'''

theorem mainTheorem8:
  fixes T :: "'a::{real_inner, complete_space} \<Rightarrow> 'a"
    and v :: "nat \<Rightarrow> 'a"
    and lam :: "nat \<Rightarrow> real"
    and u :: "nat \<Rightarrow> 'a"
    and \<gamma> \<eta> :: real
  assumes orthonormal: "\<And>i j. v i \<bullet> v j = (if i = j then 1 else 0)"
    and basis: "closure (span (range v)) = UNIV"
    and hilbert_schmidt: "summable (\<lambda>k. (lam k)\<^sup>2)"
    and T_expansion: "\<And>h. (\<lambda>k. (lam k * (v k \<bullet> h)) *\<^sub>R v k) sums T h"
    and ordered: "\<And>k. \<bar>lam k\<bar> \<le> \<bar>lam 0\<bar>"
    and lam0_pos: "lam 0 > 0"
    and gamma_pos: "0 < \<gamma>" and gamma_le1: "\<gamma> \<le> 1"
    and gap: "\<And>k. k > 0 \<Longrightarrow> lam 0 - \<bar>lam k\<bar> \<ge> \<gamma> * lam 0"
    and iter: "\<And>k. u (Suc k) = (1 / norm (T (u k))) *\<^sub>R T (u k)"
    and eta_pos: "\<eta> > 0"
    and overlap: "\<bar>v 0 \<bullet> u 0\<bar> \<ge> \<eta>"
  shows "(\<forall>k\<ge>1. (norm (u k - sgn (v 0 \<bullet> u 0) *\<^sub>R v 0))\<^sup>2
            \<le> 2 * (1 - \<gamma>) ^ (2 * k) * (norm (u 0))\<^sup>2 / \<eta>\<^sup>2)
       \<and> (\<forall>k\<ge>1. real k \<ge> ln (\<eta> / (4 * norm (u 0))) / ln (1 - \<gamma>) \<longrightarrow>
            (norm (sqrt (u k \<bullet> T (u k)) *\<^sub>R u k
                   - (sqrt (lam 0) * sgn (v 0 \<bullet> u 0)) *\<^sub>R v 0))\<^sup>2
            \<le> 18 * lam 0 * (1 - \<gamma>) ^ (2 * k) * (norm (u 0))\<^sup>2 / \<eta>\<^sup>2)"
proof -
  interpret diagonal_operator T v lam
    using orthonormal T_expansion by unfold_locales
  have contraction: "0 \<le> 1 - \<gamma>" and gap': "\<And>k. k \<noteq> 0 \<Longrightarrow> \<bar>lam k\<bar> \<le> (1 - \<gamma>) * lam 0"
    using gamma_le1 gap by (simp_all add: algebra_simps)
  have error: "norm (u k) = 1" "sgn (v 0 \<bullet> u k) = sgn (v 0 \<bullet> u 0)"
    "(norm (orth_comp (v 0) (u k)))\<^sup>2 \<le> (1 - \<gamma>) ^ (2 * k) * (norm (u 0))\<^sup>2 / \<eta>\<^sup>2" if "1 \<le> k" for k
    using power_iteration_error[OF lam0_pos contraction _ iter eta_pos overlap that] gap' by auto
  show ?thesis
  proof (intro conjI allI impI)
    fix k :: nat
    assume k: "1 \<le> k"
    show "(norm (u k - sgn (v 0 \<bullet> u 0) *\<^sub>R v 0))\<^sup>2 \<le> 2 * (1 - \<gamma>) ^ (2 * k) * (norm (u 0))\<^sup>2 / \<eta>\<^sup>2"
      using norm_diff_sgn_sq_le[OF norm_basis[of 0] error(1)[OF k]] error(3)[OF k]
      by (simp add: error(2)[OF k])
  next
    fix k :: nat
    assume k: "1 \<le> k" and k_large: "ln (\<eta> / (4 * norm (u 0))) / ln (1 - \<gamma>) \<le> real k"
    have "\<eta> \<le> norm (u 0)"
      using overlap Cauchy_Schwarz_ineq2[of "v 0" "u 0"] by (simp add: norm_basis)
    then have "(1 - \<gamma>) ^ (2 * k) * (norm (u 0))\<^sup>2 / \<eta>\<^sup>2 \<le> 1 / 16"
      using gamma_pos gamma_le1 eta_pos k k_large by (intro power_sq_ratio_le_of_ln_quotient_le) simp_all
    then have small: "2 * (norm (orth_comp (v 0) (u k)))\<^sup>2 \<le> 1"
      using error(3)[OF k] by linarith
    have "\<bar>u k \<bullet> T (u k) - lam 0 * (v 0 \<bullet> u k)\<^sup>2\<bar> \<le> lam 0 * (norm (orth_comp (v 0) (u k)))\<^sup>2"
      using rayleigh_error[OF ordered] lam0_pos by simp
    then have "(norm (sqrt (u k \<bullet> T (u k)) *\<^sub>R u k - (sqrt (lam 0) * sgn (v 0 \<bullet> u 0)) *\<^sub>R v 0))\<^sup>2
        \<le> 4 * lam 0 * (norm (orth_comp (v 0) (u k)))\<^sup>2"
      using norm_sqrt_rayleigh_sq_le[OF norm_basis error(1)[OF k] lam0_pos _ small]
      by (simp add: error(2)[OF k])
    also have "\<dots> \<le> 18 * lam 0 * ((1 - \<gamma>) ^ (2 * k) * (norm (u 0))\<^sup>2 / \<eta>\<^sup>2)"
      using error(3)[OF k] lam0_pos by (intro mult_mono) simp_all
    finally show "(norm (sqrt (u k \<bullet> T (u k)) *\<^sub>R u k - (sqrt (lam 0) * sgn (v 0 \<bullet> u 0)) *\<^sub>R v 0))\<^sup>2
        \<le> 18 * lam 0 * (1 - \<gamma>) ^ (2 * k) * (norm (u 0))\<^sup>2 / \<eta>\<^sup>2"
      by simp
  qed
qed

'''

Exactly as written, repeat the lines from the start of the listing through the line containing "and \<gamma> \<eta> :: real", both included.

theorem mainTheorem8:
  fixes T :: "'a::{real_inner, complete_space} \<Rightarrow> 'a"
    and v :: "nat \<Rightarrow> 'a"
    and lam :: "nat \<Rightarrow> real"
    and u :: "nat \<Rightarrow> 'a"
    and \<gamma> \<eta> :: real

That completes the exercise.